Major Highlights of China’s New Data Privacy Laws and its impacts  

• Tougher rules on data collection: 
  • The new data protection law sets out tougher rules on how companies collect and handle their users’ information. 
  • It requires reducing data collection and obtaining user consent.
  • The Personal Information Protection Law (PIPL) lays out for the first time a comprehensive set of rules around data collection, processing and protection, that were previously governed by piecemeal legislation.
    • The rules add to Beijing’s tightening of regulation, particularly around data, which could impact the way China’s technology giants operate.
• Resemblance to Europe’s General Data Protection Regulation: 
  • The national privacy law closely resembles the world’s most robust framework for online privacy protections, Europe’s General Data Protection Regulation, and contains provisions that require any organization or individual handling Chinese citizens’ personal data to minimize data collection and to obtain prior consent.
  • However, unlike in Europe, where governments face more public pressure over data collection, Beijing is expected to maintain broad access to data.
• User Protection:
  • The law also aims to protect those who feel strongly about personal data being used for user profiling and by recommendation algorithms or the use of big data in setting unfair prices
  • It will also prevent companies from setting different prices for the same service based on clients’ shopping history.
• Sharing of Data with other countries:
  • The law stipulates that the personal data of Chinese nationals cannot be transferred to countries with lower standards of data security than China — rules which may present problems for foreign businesses. 
• Fine on Companies failing to follow:
  • Companies that fail to comply can face fines to the tune of up to 50 million yuan (around Rs 57 crore) or five per cent of their annual turnover.
• Stock market reaction to the Law:
  • The greatest fallout of China notifying the law was that the stocks of the big tech companies of the country suffered a major slump, prompting renewed concerns among investors.

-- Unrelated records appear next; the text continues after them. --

lemma inj_on_stack_mat:
  assumes "k > 0" and "finite S"
  shows "inj_on (\<lambda>B. stack_mat k n B (sorted_list_of_set S)) (PiE S (\<lambda>_. carrier_mat k n))"
proof (rule inj_onI)
  fix B B' assume B: "B \<in> PiE S (\<lambda>_. carrier_mat k n)" and B': "B' \<in> PiE S (\<lambda>_. carrier_mat k n)"
    and eq: "stack_mat k n B (sorted_list_of_set S) = stack_mat k n B' (sorted_list_of_set S)"
  let ?l = "sorted_list_of_set S"
  show "B = B'"
  proof (rule PiE_ext[OF B B'])
    fix i assume "i \<in> S"
    then obtain p where p: "p < length ?l" "?l ! p = i"
      using assms(2) by (metis in_set_conv_nth set_sorted_list_of_set)
    have Bi: "B i \<in> carrier_mat k n" "B' i \<in> carrier_mat k n" using B B' \<open>i \<in> S\<close> by auto
    show "B i = B' i"
    proof (rule eq_matI)
      fix a b assume "a < dim_row (B' i)" "b < dim_col (B' i)"
      then have ab: "a < k" "b < n" using Bi by auto
      have "p * k + a < Suc p * k" using ab by simp
      also have "\<dots> \<le> length ?l * k" using p(1) by (intro mult_right_mono) auto
      finally have "p * k + a < length ?l * k" .
      moreover have "(p * k + a) div k = p" "(p * k + a) mod k = a" using ab assms(1) by auto
      ultimately show "B i $$ (a, b) = B' i $$ (a, b)"
        using arg_cong[OF eq, of "\<lambda>M. M $$ (p * k + a, b)"] ab p unfolding stack_mat_def by simp
    qed (use Bi in auto)
  qed
qed

lemma sorted_list_of_set_image_strict_mono:
  assumes "strict_mono_on S g" and "finite S"
  shows "sorted_list_of_set (g ` S) = map g (sorted_list_of_set S)"
proof -
  have "sorted_wrt (<) (sorted_list_of_set S)" by (rule strict_sorted_list_of_set)
  then have "sorted_wrt (<) (map g (sorted_list_of_set S))"
    using assms unfolding sorted_wrt_map
    by (elim sorted_wrt_mono_rel[rotated]) (auto simp: strict_mono_on_def)
  moreover have "inj_on g S" using assms(1) strict_mono_on_imp_inj_on by blast
  ultimately show ?thesis
    using sorted_list_of_set_unique[of "g ` S" "map g (sorted_list_of_set S)"] assms(2)
    by (simp add: card_image)
qed

lemma card_deficient_families_le:
  fixes k n :: nat and P :: "'a::finite mat \<Rightarrow> bool"
  assumes "finite I" and "S \<subseteq> I" and "card S = \<alpha>" and "0 < k"
  shows "card {A \<in> PiE I (\<lambda>_. carrier_mat k n). P (stack_mat k n A (sorted_list_of_set S))}
    \<le> card {M \<in> carrier_mat (\<alpha> * k) n. P M} * card (carrier_mat k n :: 'a mat set) ^ (card I - \<alpha>)"
proof -
  let ?X = "carrier_mat k n :: 'a mat set"
  let ?st = "\<lambda>B. stack_mat k n B (sorted_list_of_set S)"
  have fS: "finite S" using assms(1,2) finite_subset by blast
  have "{A \<in> PiE I (\<lambda>_. ?X). P (?st A)} = {A \<in> PiE (S \<union> (I - S)) (\<lambda>_. ?X). P (?st (restrict A S))}"
    using assms(2) fS by (simp add: Un_absorb1 stack_mat_restrict)
  then have "card {A \<in> PiE I (\<lambda>_. ?X). P (?st A)} = card {B \<in> PiE S (\<lambda>_. ?X). P (?st B)} * card ?X ^ (card I - \<alpha>)"
    using card_PiE_filter_restrict[of S "I - S" "\<lambda>_. ?X" "\<lambda>B. P (?st B)"] assms fS
    by (simp add: card_PiE card_Diff_subset)
  also have "card {B \<in> PiE S (\<lambda>_. ?X). P (?st B)} \<le> card {M \<in> carrier_mat (\<alpha> * k) n. P M}"
  proof (rule card_inj_on_le)
    show "inj_on ?st {B \<in> PiE S (\<lambda>_. ?X). P (?st B)}"
      using inj_on_stack_mat[OF assms(4) fS, of n] by (rule inj_on_subset) auto
    show "?st ` {B \<in> PiE S (\<lambda>_. ?X). P (?st B)} \<subseteq> {M \<in> carrier_mat (\<alpha> * k) n. P M}"
      using stack_mat_carrier[of k n _ "sorted_list_of_set S"] fS assms(3) by (auto simp: mult.commute)
  qed (simp add: finite_carrier_mat)
  finally show ?thesis by simp
qed

lemma exists_family_deficient_count_le:
  fixes k n s R \<alpha> :: nat
  assumes k: "0 < k" and "\<alpha> \<le> R"
  shows "\<exists>A \<in> PiE {1..R} (\<lambda>_. carrier_mat k n :: 'a::{finite, field} mat set).
    real (card {S. S \<subseteq> {1..R} \<and> card S = \<alpha> \<and> mat_rank (stack_mat k n A (sorted_list_of_set S)) \<le> s})
      * real (card (carrier_mat k n :: 'a mat set)) ^ \<alpha>
    \<le> real (R choose \<alpha>) * real (card {M \<in> carrier_mat (\<alpha> * k) n :: 'a mat set. mat_rank M \<le> s})"
proof -
  define X where "X = (carrier_mat k n :: 'a mat set)"
  define T where "T = PiE {1..R} (\<lambda>_. X)"
  define Ss where "Ss = {S. S \<subseteq> {1..R} \<and> card S = \<alpha>}"
  define deficient where "deficient A S \<longleftrightarrow> mat_rank (stack_mat k n A (sorted_list_of_set S)) \<le> s"
    for A :: "nat \<Rightarrow> 'a mat" and S :: "nat set"
  define Y where "Y = real (card X) ^ (R - \<alpha>)"
  define B where "B = real (card {M \<in> carrier_mat (\<alpha> * k) n :: 'a mat set. mat_rank M \<le> s}) * Y"
  have "\<exists>A \<in> T. real (card {S \<in> Ss. deficient A S}) * real (card T) \<le> real (card Ss) * B"
  proof (rule exists_below_average_incidence)
    show "finite T" unfolding T_def X_def by (intro finite_PiE finite_carrier_mat) simp
    show "T \<noteq> {}" unfolding T_def X_def by (auto simp: PiE_eq_empty_iff)
    show "finite Ss" unfolding Ss_def by simp
    fix S assume "S \<in> Ss"
    then have "card {A \<in> T. deficient A S}
        \<le> card {M \<in> carrier_mat (\<alpha> * k) n :: 'a mat set. mat_rank M \<le> s} * card X ^ (card {1..R} - \<alpha>)"
      unfolding T_def X_def deficient_def Ss_def using k by (intro card_deficient_families_le) simp_all
    then show "real (card {A \<in> T. deficient A S}) \<le> B"
      unfolding B_def Y_def
      by (simp only: of_nat_power[symmetric] of_nat_mult[symmetric] of_nat_le_iff card_atLeastAtMost diff_Suc_1)
  qed
  then obtain A where A: "A \<in> T"
    and count: "real (card {S \<in> Ss. deficient A S}) * real (card T) \<le> real (card Ss) * B" by blast
  have "real (card T) = real (card X) ^ \<alpha> * Y"
    using \<open>\<alpha> \<le> R\<close> unfolding T_def Y_def by (simp add: card_PiE power_add[symmetric])
  moreover have "Y > 0" unfolding Y_def X_def using card_carrier_mat[of k n, where 'a = 'a] by simp
  ultimately have "real (card {S \<in> Ss. deficient A S}) * real (card X) ^ \<alpha>
      \<le> real (R choose \<alpha>) * real (card {M \<in> carrier_mat (\<alpha> * k) n :: 'a mat set. mat_rank M \<le> s})"
    using count unfolding B_def Ss_def by (simp add: n_subsets mult.assoc[symmetric])
  then show ?thesis using A unfolding T_def X_def Ss_def deficient_def by (auto simp: conj_assoc)
qed

lemma exists_family_few_deficient:
  fixes k n s R \<alpha> d :: nat
  assumes q: "CARD('a::{finite, field}) \<ge> 2" and k: "0 < k" and s: "s < \<alpha> * k" "s < n"
    and "\<alpha> \<le> R"
    and budget: "real (R choose \<alpha>) * (32/7) \<le> real d * real CARD('a) ^ ((\<alpha> * k - s) * (n - s))"
  shows "\<exists>A \<in> PiE {1..R} (\<lambda>_. carrier_mat k n :: 'a mat set).
    card {S. S \<subseteq> {1..R} \<and> card S = \<alpha> \<and> mat_rank (stack_mat k n A (sorted_list_of_set S)) \<le> s} \<le> d"
proof -
  define Q where "Q = real CARD('a)"
  define E where "E = \<alpha> * k * s + s * (n - s)"
  define F where "F = (\<alpha> * k - s) * (n - s)"
  obtain A where A: "A \<in> PiE {1..R} (\<lambda>_. carrier_mat k n :: 'a mat set)"
    and count: "real (card {S. S \<subseteq> {1..R} \<and> card S = \<alpha> \<and> mat_rank (stack_mat k n A (sorted_list_of_set S)) \<le> s})
      * real (card (carrier_mat k n :: 'a mat set)) ^ \<alpha>
      \<le> real (R choose \<alpha>) * real (card {M \<in> carrier_mat (\<alpha> * k) n :: 'a mat set. mat_rank M \<le> s})"
    using exists_family_deficient_count_le[OF k \<open>\<alpha> \<le> R\<close>] by blast
  let ?c = "real (card {S. S \<subseteq> {1..R} \<and> card S = \<alpha> \<and> mat_rank (stack_mat k n A (sorted_list_of_set S)) \<le> s})"
  have Q: "Q \<ge> 2" using q unfolding Q_def by simp
  obtain u v where uv: "\<alpha> * k = s + u" "n = s + v"
    using less_imp_add_positive[OF s(1)] less_imp_add_positive[OF s(2)] by metis
  have "\<alpha> * k * n = E + F" unfolding E_def F_def uv by (simp add: algebra_simps)
  then have "real (card (carrier_mat k n :: 'a mat set)) ^ \<alpha> = Q ^ F * Q ^ E"
    unfolding Q_def card_carrier_mat by (simp add: power_mult[symmetric] power_add[symmetric] ac_simps)
  then have "?c * (Q ^ F * Q ^ E) \<le> real (R choose \<alpha>) * real (card {M \<in> carrier_mat (\<alpha> * k) n :: 'a mat set. mat_rank M \<le> s})"
    using count by simp
  also have "\<dots> \<le> real (R choose \<alpha>) * (32/7) * Q ^ E"
    using mult_left_mono[OF card_low_rank_mat_le[OF q s], of "real (R choose \<alpha>)"]
    unfolding Q_def E_def by (simp add: mult_ac)
  finally have "?c * Q ^ F \<le> real (R choose \<alpha>) * (32/7)"
    using Q by (simp add: mult.assoc[symmetric])
  also have "\<dots> \<le> real d * Q ^ F" using budget unfolding Q_def F_def .
  finally show ?thesis using A Q by (auto simp: mult_le_cancel_right_pos)
qed

lemma exists_strict_mono_into:
  fixes J :: "'a::linorder set"
  assumes "finite J" and "r \<le> card J"
  shows "\<exists>g. strict_mono_on {1..r} g \<and> g ` {1..r} \<subseteq> J"
proof -
  define L where "L = sorted_list_of_set J"
  have len: "r \<le> length L" and setL: "set L = J" and sorted: "sorted_wrt (<) L"
    using assms unfolding L_def by simp_all
  have "strict_mono_on {1..r} (\<lambda>i. L ! (i - 1))"
  proof (rule strict_mono_onI)
    fix i j assume "i \<in> {1..r}" "j \<in> {1..r}" "i < j"
    then have "i - 1 < j - 1" "j - 1 < length L" using len by auto
    then show "L ! (i - 1) < L ! (j - 1)" using sorted by (simp add: sorted_wrt_nth_less)
  qed
  moreover have "(\<lambda>i. L ! (i - 1)) ` {1..r} \<subseteq> J"
    using len setL by auto
  ultimately show ?thesis by blast
qed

Similar data protection laws in the world

• Globally there has been a push to create better rules around data protection. 
•  European Union(EU): 
  • Makes citizens more powerful: 
    • In 2018, the European Union’s landmark General Data Protection Regulation came into effect —a regulation that aims to give citizens in the bloc more control over their data. 
    • As per the Regulation, a user can access the personal data being stored by companies and find out where and for what purpose it is being used. 
  • Effect on organizations within and outside EU: 
    • Not only does it affect organizations located within the EU, but will also apply to companies outside the region if they offer goods or services to, or monitor the behaviour of, people in the bloc.
  • Right to be forgotten: 
    • One will also have the right to be forgotten, which means that the user can ask the company to delete one’s data, potentially stopping third parties from accessing it.
• Brazil:
  • First data protection law of Latin America and how will it be enforced:
    • Brazil’s Lei Geral de Proteção de Dados, which came into force in September 2020, is Latin America’s first major data protection law. 
    • As Brazilian companies and service providers scramble to reach compliance, the remaining months of the year will be the testing ground for how Brazil’s data protection authority will enforce the new law.
• Singapore:
  • Newer amendments to make it more encompassing: 
    • At the end of 2020, Singapore amended its Personal Data Protection Act, introducing, among others, mandatory data breach notifications, an expansion of its deemed consent framework, exceptions to consent for legitimate interests, and increased penalties for non-compliance.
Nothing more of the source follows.